Monday, July 30, 2007

GIDDY UP!

I'm boring. I can see how people could easily be "over me" in a short span of time. I'll grant myself that I have experienced a lot and have a wide variety of interests but I still think I'm boring. Actually, now that I just wrote that maybe boring isn't the right word. I think the better word is "exciting." I'm not very exciting. I think this has also been a big part of my problem with relationships. Women want to be excited, and I don't blame them. Who doesn't want to be excited? But I'm not very exciting. I'm practical. I'm an idealist with realist tendencies. I'm a dreamer that seldom shares those thoughts for fear of ridicule. I analyze EVERYTHING. I am emotionally open...but not on the topics I hold closest to my soul. I'm just not very exciting. I used to be exciting. That used to be the appeal for women. I used to drink a lot. I did drugs. I was argumentative and angry. I was rebellious against just about everything. I was opinionated. Women seemed to like that. Then I stopped drinking so much. I gave up drugs. I became more open-minded. I felt my anger subside. I became boring (or unexciting, whatever).
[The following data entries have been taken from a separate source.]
text \<open>
  For a candidate \<open>B\<close>, the sketched error \<open>S\<^sub>B = \<parallel>(A - B)\<Pi>\<parallel>\<^sub>F\<^sup>2\<close> is a sum over the rows of
  \<open>A - B\<close> of squared norms of two-dimensional centred Gaussian vectors, and its mean is
  \<open>W\<^sub>B = \<parallel>A - B\<parallel>\<^sub>F\<^sup>2\<close>. A two-dimensional Gaussian has bounded density, so the squared norm
  \<open>Z\<close> of each such vector satisfies the small-ball bound \<open>P(Z \<le> s) \<le> s / E Z\<close>; by a layer-cake
  argument this makes \<open>S\<^sub>B\<close> anti-concentrated: \<open>E[S\<^sub>B; G] \<ge> (19/40) W\<^sub>B P(G)\<^sup>2\<close> for every event \<open>G\<close>.
  Anti-concentration bounds both tails: \<open>P(S\<^sub>B < W\<^sub>B / (6|F|)) \<le> 40 / (114 |F|)\<close> for every \<open>B\<close>,
  and \<open>P(S\<^sub>B > 6|F| W\<^sub>B) \<le> 0.103\<close> for the minimiser of \<open>W\<^sub>B\<close>. A union bound shows that a single
  estimate lies in \<open>[OPT, 6|F| OPT]\<close> with probability at least \<open>27/50 > 1/2\<close>. By Hoeffding's
  inequality more than half of \<open>t\<close> independent estimates lie in this interval, and hence so does
  their median, with probability at least \<open>1 - exp(-2t/625)\<close>, which is \<open>1 - \<delta>\<close> once
  \<open>t \<ge> (625/2) ln(1/\<delta>)\<close>.
\<close>

section \<open>Anti-concentration\<close>

lemma sum_levels_le:
  fixes h z :: real
  assumes "0 \<le> h" "0 \<le> z"
  shows "(\<Sum>l = 1..N. if real l * h < z then h else 0) \<le> min (real N * h) z"
proof (induction N)
  case (Suc N)
  then show ?case
    using assms by (auto simp: sum.cl_ivl_Suc algebra_simps min_def split: if_splits)
qed (use assms in simp)

definition anti_concentrated :: "'a measure \<Rightarrow> real \<Rightarrow> real \<Rightarrow> ('a \<Rightarrow> real) \<Rightarrow> bool" where
  "anti_concentrated M c W Z \<longleftrightarrow>
     (\<forall>A \<in> sets M. c * W * (measure M A)\<^sup>2 \<le> (\<integral>\<omega>. Z \<omega> * indicator A \<omega> \<partial>M))"

lemma anti_concentrated_sum:
  assumes "finite I"
    and "\<And>i. i \<in> I \<Longrightarrow> anti_concentrated M c (W i) (Z i)" "\<And>i. i \<in> I \<Longrightarrow> integrable M (Z i)"
  shows "anti_concentrated M c (\<Sum>i\<in>I. W i) (\<lambda>\<omega>. \<Sum>i\<in>I. Z i \<omega>)"
  unfolding anti_concentrated_def
proof
  fix A assume "A \<in> sets M"
  have "c * (\<Sum>i\<in>I. W i) * (measure M A)\<^sup>2 = (\<Sum>i\<in>I. c * W i * (measure M A)\<^sup>2)"
    by (simp add: sum_distrib_left sum_distrib_right)
  also have "\<dots> \<le> (\<Sum>i\<in>I. \<integral>\<omega>. Z i \<omega> * indicator A \<omega> \<partial>M)"
    using assms(2) \<open>A \<in> sets M\<close> by (intro sum_mono) (auto simp: anti_concentrated_def)
  also have "\<dots> = (\<integral>\<omega>. (\<Sum>i\<in>I. Z i \<omega> * indicator A \<omega>) \<partial>M)"
    using assms(3) \<open>A \<in> sets M\<close>
    by (intro Bochner_Integration.integral_sum[symmetric]) (auto intro: integrable_real_mult_indicator)
  finally show "c * (\<Sum>i\<in>I. W i) * (measure M A)\<^sup>2 \<le> (\<integral>\<omega>. (\<Sum>i\<in>I. Z i \<omega>) * indicator A \<omega> \<partial>M)"
    by (simp add: sum_distrib_right)
qed

context prob_space
begin

lemma sum_level_probs_le_integral:
  fixes Z :: "'a \<Rightarrow> real"
  assumes Z_meas: "Z \<in> borel_measurable M" and Z_nonneg: "\<And>\<omega>. \<omega> \<in> space M \<Longrightarrow> 0 \<le> Z \<omega>"
    and Z_int: "integrable M Z" and A: "A \<in> events" and "0 \<le> h"
  shows "(\<Sum>l = 1..N. h * prob (A \<inter> {\<omega> \<in> space M. real l * h < Z \<omega>}))
           \<le> (\<integral>\<omega>. Z \<omega> * indicator A \<omega> \<partial>M)"
proof -
  define E where "E l = A \<inter> {\<omega> \<in> space M. real l * h < Z \<omega>}" for l :: nat
  have E_events: "E l \<in> events" for l
    unfolding E_def using A Z_meas by measurable
  have levels_le: "(\<Sum>l = 1..N. h * indicator (E l) \<omega>) \<le> Z \<omega> * indicator A \<omega>"
    if "\<omega> \<in> space M" for \<omega>
  proof (cases "\<omega> \<in> A")
    case True
    then have "(\<Sum>l = 1..N. h * indicator (E l) \<omega>) = (\<Sum>l = 1..N. if real l * h < Z \<omega> then h else 0)"
      using that by (intro sum.cong) (auto simp: E_def)
    also have "\<dots> \<le> Z \<omega>"
      using sum_levels_le[OF \<open>0 \<le> h\<close> Z_nonneg[OF that]] by simp
    finally show ?thesis using True by simp
  qed (simp add: E_def)
  have "(\<Sum>l = 1..N. h * prob (E l)) = (\<Sum>l = 1..N. \<integral>\<omega>. h * indicator (E l) \<omega> \<partial>M)"
    using E_events by simp
  also have "\<dots> = (\<integral>\<omega>. (\<Sum>l = 1..N. h * indicator (E l) \<omega>) \<partial>M)"
    using E_events by (intro Bochner_Integration.integral_sum[symmetric]) (simp add: less_top[symmetric])
  also have "\<dots> \<le> (\<integral>\<omega>. Z \<omega> * indicator A \<omega> \<partial>M)"
    using levels_le
    by (intro integral_mono Bochner_Integration.integrable_sum integrable_mult_right
        integrable_real_indicator integrable_real_mult_indicator E_events A Z_int)
       (auto simp: less_top[symmetric])
  finally show ?thesis by (simp add: E_def)
qed

text \<open>
  The layer-cake bound with \<open>N\<close> levels of height \<open>h = w P(A) / N\<close>; infinitely many levels would
  give the constant \<open>1/2\<close>.
\<close>
lemma anti_concentrated_if_small_ball:
  fixes Z :: "'a \<Rightarrow> real" and N :: nat
  assumes Z_meas: "Z \<in> borel_measurable M" and Z_nonneg: "\<And>\<omega>. \<omega> \<in> space M \<Longrightarrow> 0 \<le> Z \<omega>"
    and Z_int: "integrable M Z" and "0 < w" and "0 < N"
    and small_ball: "\<And>s. 0 \<le> s \<Longrightarrow> prob {\<omega> \<in> space M. Z \<omega> \<le> s} \<le> s / w"
  shows "anti_concentrated M ((real N - 1) / (2 * real N)) w Z"
  unfolding anti_concentrated_def
proof
  fix A assume A: "A \<in> events"
  define q where "q = prob A"
  define h where "h = w * q / N"
  have "0 \<le> h" using \<open>0 < w\<close> by (simp add: h_def q_def)
  have level_prob: "q - real l * h / w \<le> prob (A \<inter> {\<omega> \<in> space M. real l * h < Z \<omega>})" for l
  proof -
    let ?E = "A \<inter> {\<omega> \<in> space M. real l * h < Z \<omega>}"
    have "A \<subseteq> ?E \<union> {\<omega> \<in> space M. Z \<omega> \<le> real l * h}"
      using sets.sets_into_space[OF A] by auto
    then have "q \<le> prob (?E \<union> {\<omega> \<in> space M. Z \<omega> \<le> real l * h})"
      unfolding q_def using A Z_meas by (intro finite_measure_mono) auto
    also have "\<dots> \<le> prob ?E + prob {\<omega> \<in> space M. Z \<omega> \<le> real l * h}"
      using A Z_meas by (intro measure_Un_le) auto
    also have "\<dots> \<le> prob ?E + real l * h / w"
      using small_ball \<open>0 \<le> h\<close> by simp
    finally show ?thesis by simp
  qed
  have "(\<Sum>l = 1..N. h * (q - real l * h / w)) = N * h * q - h * h / w * (\<Sum>l = 1..N. real l)"
    by (simp add: sum_subtractf sum_distrib_left algebra_simps)
  also have "\<dots> = (real N - 1) / (2 * real N) * w * q\<^sup>2"
    using \<open>0 < w\<close> \<open>0 < N\<close> double_gauss_sum_from_Suc_0[of N, where 'a=real]
    by (simp add: h_def field_simps power2_eq_square)
  finally have "(real N - 1) / (2 * real N) * w * q\<^sup>2 = (\<Sum>l = 1..N. h * (q - real l * h / w))" ..
  also have "\<dots> \<le> (\<Sum>l = 1..N. h * prob (A \<inter> {\<omega> \<in> space M. real l * h < Z \<omega>}))"
    using level_prob \<open>0 \<le> h\<close> by (intro sum_mono mult_left_mono) auto
  also have "\<dots> \<le> (\<integral>\<omega>. Z \<omega> * indicator A \<omega> \<partial>M)"
    by (rule sum_level_probs_le_integral[OF Z_meas Z_nonneg Z_int A \<open>0 \<le> h\<close>])
  finally show "(real N - 1) / (2 * real N) * w * (prob A)\<^sup>2 \<le> (\<integral>\<omega>. Z \<omega> * indicator A \<omega> \<partial>M)"
    by (simp add: q_def)
qed
lemma has_real_derivative_dx:
  "smooth2 u \<Longrightarrow> ((\<lambda>y. dx u k y t) has_real_derivative dx u (Suc k) x t) (at x)"
  using smooth2_differentiable_x[OF smooth2_dx, of u k t x]
  by (simp add: dx_Suc DERIV_deriv_iff_real_differentiable)

lemma has_real_derivative_dt: "smooth2 u \<Longrightarrow> ((\<lambda>s. u x s) has_real_derivative dt u x t) (at t)"
  using smooth2_differentiable_t[of u x t]
  by (simp add: dt_def DERIV_deriv_iff_real_differentiable)

definition monomial5 ::
    "(nat \<times> nat \<times> nat \<times> nat \<times> nat \<Rightarrow> real) \<Rightarrow> real \<Rightarrow> real \<Rightarrow> real \<Rightarrow> real \<Rightarrow> real
     \<Rightarrow> nat \<times> nat \<times> nat \<times> nat \<times> nat \<Rightarrow> real" where
  "monomial5 c v0 v1 v2 v3 v4 = (\<lambda>(a0, a1, a2, a3, a4).
     c (a0, a1, a2, a3, a4) * v0 ^ a0 * v1 ^ a1 * v2 ^ a2 * v3 ^ a3 * v4 ^ a4)"

lemma monomial5_eq_0: "c m = 0 \<Longrightarrow> monomial5 c v0 v1 v2 v3 v4 m = 0"
  by (cases m) (auto simp: monomial5_def)

lemma monomial5_add:
  "monomial5 (\<lambda>m. c m + d m) v0 v1 v2 v3 v4 m = monomial5 c v0 v1 v2 v3 v4 m + monomial5 d v0 v1 v2 v3 v4 m"
  by (cases m) (auto simp: monomial5_def algebra_simps)

lemma poly5_iff_monomial5:
  "poly5 F \<longleftrightarrow> (\<exists>c. finite {m. c m \<noteq> 0} \<and>
     (\<forall>v0 v1 v2 v3 v4. F v0 v1 v2 v3 v4 = sum (monomial5 c v0 v1 v2 v3 v4) {m. c m \<noteq> 0}))"
  unfolding poly5_def monomial5_def by simp

lemma sum_monomial5_superset:
  "finite T \<Longrightarrow> {m. c m \<noteq> 0} \<subseteq> T \<Longrightarrow>
     sum (monomial5 c v0 v1 v2 v3 v4) {m. c m \<noteq> 0} = sum (monomial5 c v0 v1 v2 v3 v4) T"
  by (rule sum.mono_neutral_left) (auto intro: monomial5_eq_0)

lemma poly5_add:
  assumes "poly5 F" "poly5 G"
  shows "poly5 (\<lambda>v0 v1 v2 v3 v4. F v0 v1 v2 v3 v4 + G v0 v1 v2 v3 v4)"
proof -
  obtain c where c: "finite {m. c m \<noteq> 0}"
    "\<And>v0 v1 v2 v3 v4. F v0 v1 v2 v3 v4 = sum (monomial5 c v0 v1 v2 v3 v4) {m. c m \<noteq> 0}"
    using assms(1) unfolding poly5_iff_monomial5 by blast
  obtain d where d: "finite {m. d m \<noteq> 0}"
    "\<And>v0 v1 v2 v3 v4. G v0 v1 v2 v3 v4 = sum (monomial5 d v0 v1 v2 v3 v4) {m. d m \<noteq> 0}"
    using assms(2) unfolding poly5_iff_monomial5 by blast
  define T where "T = {m. c m \<noteq> 0} \<union> {m. d m \<noteq> 0}"
  have T: "finite T" using c d by (simp add: T_def)
  have supp: "{m. c m + d m \<noteq> 0} \<subseteq> T" by (auto simp: T_def)
  show ?thesis unfolding poly5_iff_monomial5
  proof (intro exI conjI allI)
    show "finite {m. c m + d m \<noteq> 0}" using T supp finite_subset by blast
    fix v0 v1 v2 v3 v4
    have "F v0 v1 v2 v3 v4 + G v0 v1 v2 v3 v4 =
        sum (monomial5 c v0 v1 v2 v3 v4) T + sum (monomial5 d v0 v1 v2 v3 v4) T"
      using sum_monomial5_superset[OF T, of c] sum_monomial5_superset[OF T, of d] c d
      by (simp add: T_def)
    also have "\<dots> = sum (monomial5 (\<lambda>m. c m + d m) v0 v1 v2 v3 v4) T"
      by (simp add: monomial5_add sum.distrib)
    also have "\<dots> = sum (monomial5 (\<lambda>m. c m + d m) v0 v1 v2 v3 v4) {m. c m + d m \<noteq> 0}"
      by (rule sum_monomial5_superset[OF T supp, symmetric])
    finally show "F v0 v1 v2 v3 v4 + G v0 v1 v2 v3 v4 =
        sum (monomial5 (\<lambda>m. c m + d m) v0 v1 v2 v3 v4) {m. c m + d m \<noteq> 0}" .
  qed
qed
(* Let $\{X_t\}_{t\in\mathbb N^+}$ be a real-valued process adapted to a filtration $\{\mathcal F_t\}_{t\in\mathbb N}$ with $\mathcal F_0$ trivial, such that for all $t\in\mathbb N^+$, $\mathbb E[X_t\mid\mathcal F_{t-1}]=\mu$ and $\mathbb E[(X_t-\mu)^2\mid\mathcal F_{t-1}]\le1$. Let $\phi$ be a Catoni-type influence function. For $\Lambda>0$ and $\beta\in(0,1)$ let $$\mathrm{CI}^{\mathsf C}_t(\Lambda,\beta)=\left\{m\in\mathbb R:\ -\frac{t\Lambda^2}{2}-\log(2/\beta)\le\sum_{i=1}^t\phi(\Lambda(X_i-m))\le\frac{t\Lambda^2}{2}+\log(2/\beta)\right\}.$$ Let $\zeta=\sum_{m=1}^\infty m^{-1.4}$ and, for $j\in\mathbb N=\{0,1,2,\dots\}$, let $t_j=2^j$, $\alpha_j=\frac{\alpha/(j+1)^{1.4}}{\zeta}$ and $\Lambda_j=\sqrt{\log(2/\alpha_j)\,2^{1/2-j}}$. Define the stitched sets $\mathrm{CI}^{\mathsf{Cstch}}_t=\mathrm{CI}^{\mathsf C}_t(\Lambda_j,\alpha_j)$ for $t_j\le t<t_{j+1}$, and let $|\mathrm{CI}^{\mathsf{Cstch}}_t|$ denote its width (supremum minus infimum). Then there is a polynomial $q$ such that for every $\alpha\in(0,1)$ and every $t>q(\log(1/\alpha))$, $$\Pr\left[|\mathrm{CI}^{\mathsf{Cstch}}_t|\le6.8\sqrt{\frac{\log\log 2t+0.72\log(10.4/\alpha)}{t}}\right]\ge1-\frac{\alpha}{\zeta}>1-\alpha/3.$$
   Context: A function $\phi:\mathbb R\to\mathbb R$ is a Catoni-type influence function if it is increasing and $-\log(1-x+x^2/2)\le\phi(x)\le\log(1+x+x^2/2)$ for all $x\in\mathbb R$. *)

theory Defs
  imports "HOL-Probability.Probability" "HOL-Computational_Algebra.Polynomial"
begin

definition catoni_type :: "(real \<Rightarrow> real) \<Rightarrow> bool" where
  "catoni_type \<phi> \<longleftrightarrow> mono \<phi> \<and>
     (\<forall>x. - ln (1 - x + x\<^sup>2 / 2) \<le> \<phi> x \<and> \<phi> x \<le> ln (1 + x + x\<^sup>2 / 2))"

definition CI_C :: "(nat \<Rightarrow> real) \<Rightarrow> (real \<Rightarrow> real) \<Rightarrow> nat \<Rightarrow> real \<Rightarrow> real \<Rightarrow> real set" where
  "CI_C x \<phi> t \<Lambda> \<beta> = {m. - (real t * \<Lambda>\<^sup>2 / 2) - ln (2 / \<beta>) \<le> (\<Sum>i=1..t. \<phi> (\<Lambda> * (x i - m)))
                          \<and> (\<Sum>i=1..t. \<phi> (\<Lambda> * (x i - m))) \<le> real t * \<Lambda>\<^sup>2 / 2 + ln (2 / \<beta>)}"

definition zeta14 :: real where
  "zeta14 = (\<Sum>m. 1 / (real (Suc m)) powr 1.4)"

definition alpha_j :: "real \<Rightarrow> nat \<Rightarrow> real" where
  "alpha_j \<alpha> j = (\<alpha> / (real j + 1) powr 1.4) / zeta14"

definition Lambda_j :: "real \<Rightarrow> nat \<Rightarrow> real" where
  "Lambda_j \<alpha> j = sqrt (ln (2 / alpha_j \<alpha> j) * 2 powr (1/2 - real j))"

text \<open>The unique j with 2^j \<le> t < 2^(j+1) (for t \<ge> 1).\<close>
definition stitch_index :: "nat \<Rightarrow> nat" where
  "stitch_index t = (THE j. 2 ^ j \<le> t \<and> t < 2 ^ (j + 1))"

definition CI_stitch :: "(nat \<Rightarrow> real) \<Rightarrow> (real \<Rightarrow> real) \<Rightarrow> real \<Rightarrow> nat \<Rightarrow> real set" where
  "CI_stitch x \<phi> \<alpha> t = CI_C x \<phi> t (Lambda_j \<alpha> (stitch_index t)) (alpha_j \<alpha> (stitch_index t))"

text \<open>Width (supremum minus infimum) in the extended reals: +\<infinity> if unbounded,
  and -\<infinity> (so any upper bound holds) for the empty set.\<close>
definition width :: "real set \<Rightarrow> ereal" where
  "width S = Sup (ereal ` S) - Inf (ereal ` S)"
definition mapply :: "nat list \<Rightarrow> ((nat \<times> nat) \<times> (nat \<times> nat) \<Rightarrow> 'k::field)
    \<Rightarrow> (nat \<times> nat \<Rightarrow> 'k) \<Rightarrow> (nat \<times> nat \<Rightarrow> 'k)" where
  "mapply a m v = (\<lambda>y. \<Sum>x\<in>bas a. m (y, x) * v x)"

definition mcomp :: "nat list \<Rightarrow> ((nat \<times> nat) \<times> (nat \<times> nat) \<Rightarrow> 'k::field)
    \<Rightarrow> ((nat \<times> nat) \<times> (nat \<times> nat) \<Rightarrow> 'k) \<Rightarrow> ((nat \<times> nat) \<times> (nat \<times> nat) \<Rightarrow> 'k)" where
  "mcomp b m1 m2 = (\<lambda>(y, x). \<Sum>z\<in>bas b. m1 (y, z) * m2 (z, x))"

definition Mspace :: "nat list \<Rightarrow> nat list \<Rightarrow> ((nat \<times> nat) \<times> (nat \<times> nat) \<Rightarrow> 'k::field) set" where
  "Mspace a b = {m \<in> Hspace a b.
     \<forall>v\<in>Nmod a. mapply a m (Tact a v) = Tact b (mapply a m v)}"

text \<open>N_b / U is isomorphic to N_c (U a submodule): there is a surjective
  k[T]-homomorphism N_b \<rightarrow> N_c with kernel U.\<close>
definition quot_iso :: "nat list \<Rightarrow> (nat \<times> nat \<Rightarrow> 'k::field) set \<Rightarrow> nat list \<Rightarrow> bool" where
  "quot_iso b U c \<longleftrightarrow> (\<exists>p \<in> Mspace b c. mapply b p ` Nmod b = Nmod c
        \<and> {v \<in> Nmod b. mapply b p v = (\<lambda>_. 0)} = U)"

definition Vspace :: "nat list \<Rightarrow> nat list \<Rightarrow> nat list
    \<Rightarrow> ((nat \<times> nat) \<times> (nat \<times> nat) \<Rightarrow> 'k::field) set" where
  "Vspace a c b = {f \<in> Mspace a b. inj_on (mapply a f) (Nmod a)
       \<and> quot_iso b (mapply a f ` Nmod a) c}"

definition Aut :: "nat list \<Rightarrow> ((nat \<times> nat) \<times> (nat \<times> nat) \<Rightarrow> 'k::field) set" where
  "Aut a = {m \<in> Mspace a a. bij_betw (mapply a m) (Nmod a) (Nmod a)}"

text \<open>Orbit G_f = {h f a^{-1} | a \<in> Aut N_alpha, h \<in> Aut N_beta}; as a ranges over the
  group Aut N_alpha so does a^{-1}.\<close>
definition orbit :: "nat list \<Rightarrow> nat list \<Rightarrow> ((nat \<times> nat) \<times> (nat \<times> nat) \<Rightarrow> 'k::field)
    \<Rightarrow> ((nat \<times> nat) \<times> (nat \<times> nat) \<Rightarrow> 'k) set" where
  "orbit a b f = {mcomp b h (mcomp a f a') | a' h. a' \<in> Aut a \<and> h \<in> Aut b}"

text \<open>(N_a, N_b, f) \<le>_deg (N_a, N_b, g) relative to an ambient subset X of H_a^b:
  G_g lies in the closure of G_f in X with the induced Zariski topology.\<close>
definition deg_le_in :: "nat list \<Rightarrow> nat list \<Rightarrow> ((nat \<times> nat) \<times> (nat \<times> nat) \<Rightarrow> 'k::field) set
    \<Rightarrow> ((nat \<times> nat) \<times> (nat \<times> nat) \<Rightarrow> 'k) \<Rightarrow> ((nat \<times> nat) \<times> (nat \<times> nat) \<Rightarrow> 'k) \<Rightarrow> bool" where
  "deg_le_in a b X f g \<longleftrightarrow>
     orbit a b g \<subseteq> (subtopology (zariski (Hidx a b)) X) closure_of (orbit a b f)"

text \<open>An LR-tableau is encoded by the chain of partitions Gamma 0 \<subseteq> Gamma 1 \<subseteq> ...,
  where the boxes of Gamma (l) minus Gamma (l-1) carry the entry l.
  Type (alpha, beta, gamma): Gamma 0 = gamma, eventually Gamma l = beta, each step a
  horizontal strip, the number of entries l is the number of parts of alpha that are \<ge> l,
  and the lattice permutation condition holds.\<close>
definition entries :: "(nat \<Rightarrow> nat list) \<Rightarrow> nat \<Rightarrow> nat \<Rightarrow> nat" where
  "entries G l r = part (G l) r - part (G (l - 1)) r"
When I look in the mirror I wonder where that reckless boy went. Sometimes I want him to come back. Most of the time I'm glad he's gone. I just wish being me was more exciting. Actually, I'm happy with the "excitement" in my life - especially right now. I guess what I'm saying is I wish OTHER people found me exciting. The thought of that makes me laugh though. I can't see anyone finding me very exciting - not after the initial period at least.

A friend of mine from Texas said the following the other night, "At first girls think it's exciting to be with a cowboy (he's a cowboy) but after a while they can't understand why I can't be a cowboy just some of the time and not all the time. Well, I'm a cowboy." I guess I kind of feel the same way. At first I think women find my life fairly exciting - in a possibility kind of way. Then they see what my life actually entails and it just isn't very glamorous. How do you make writing and dreaming glamorous? I wish I knew. Maybe I should become a cowboy.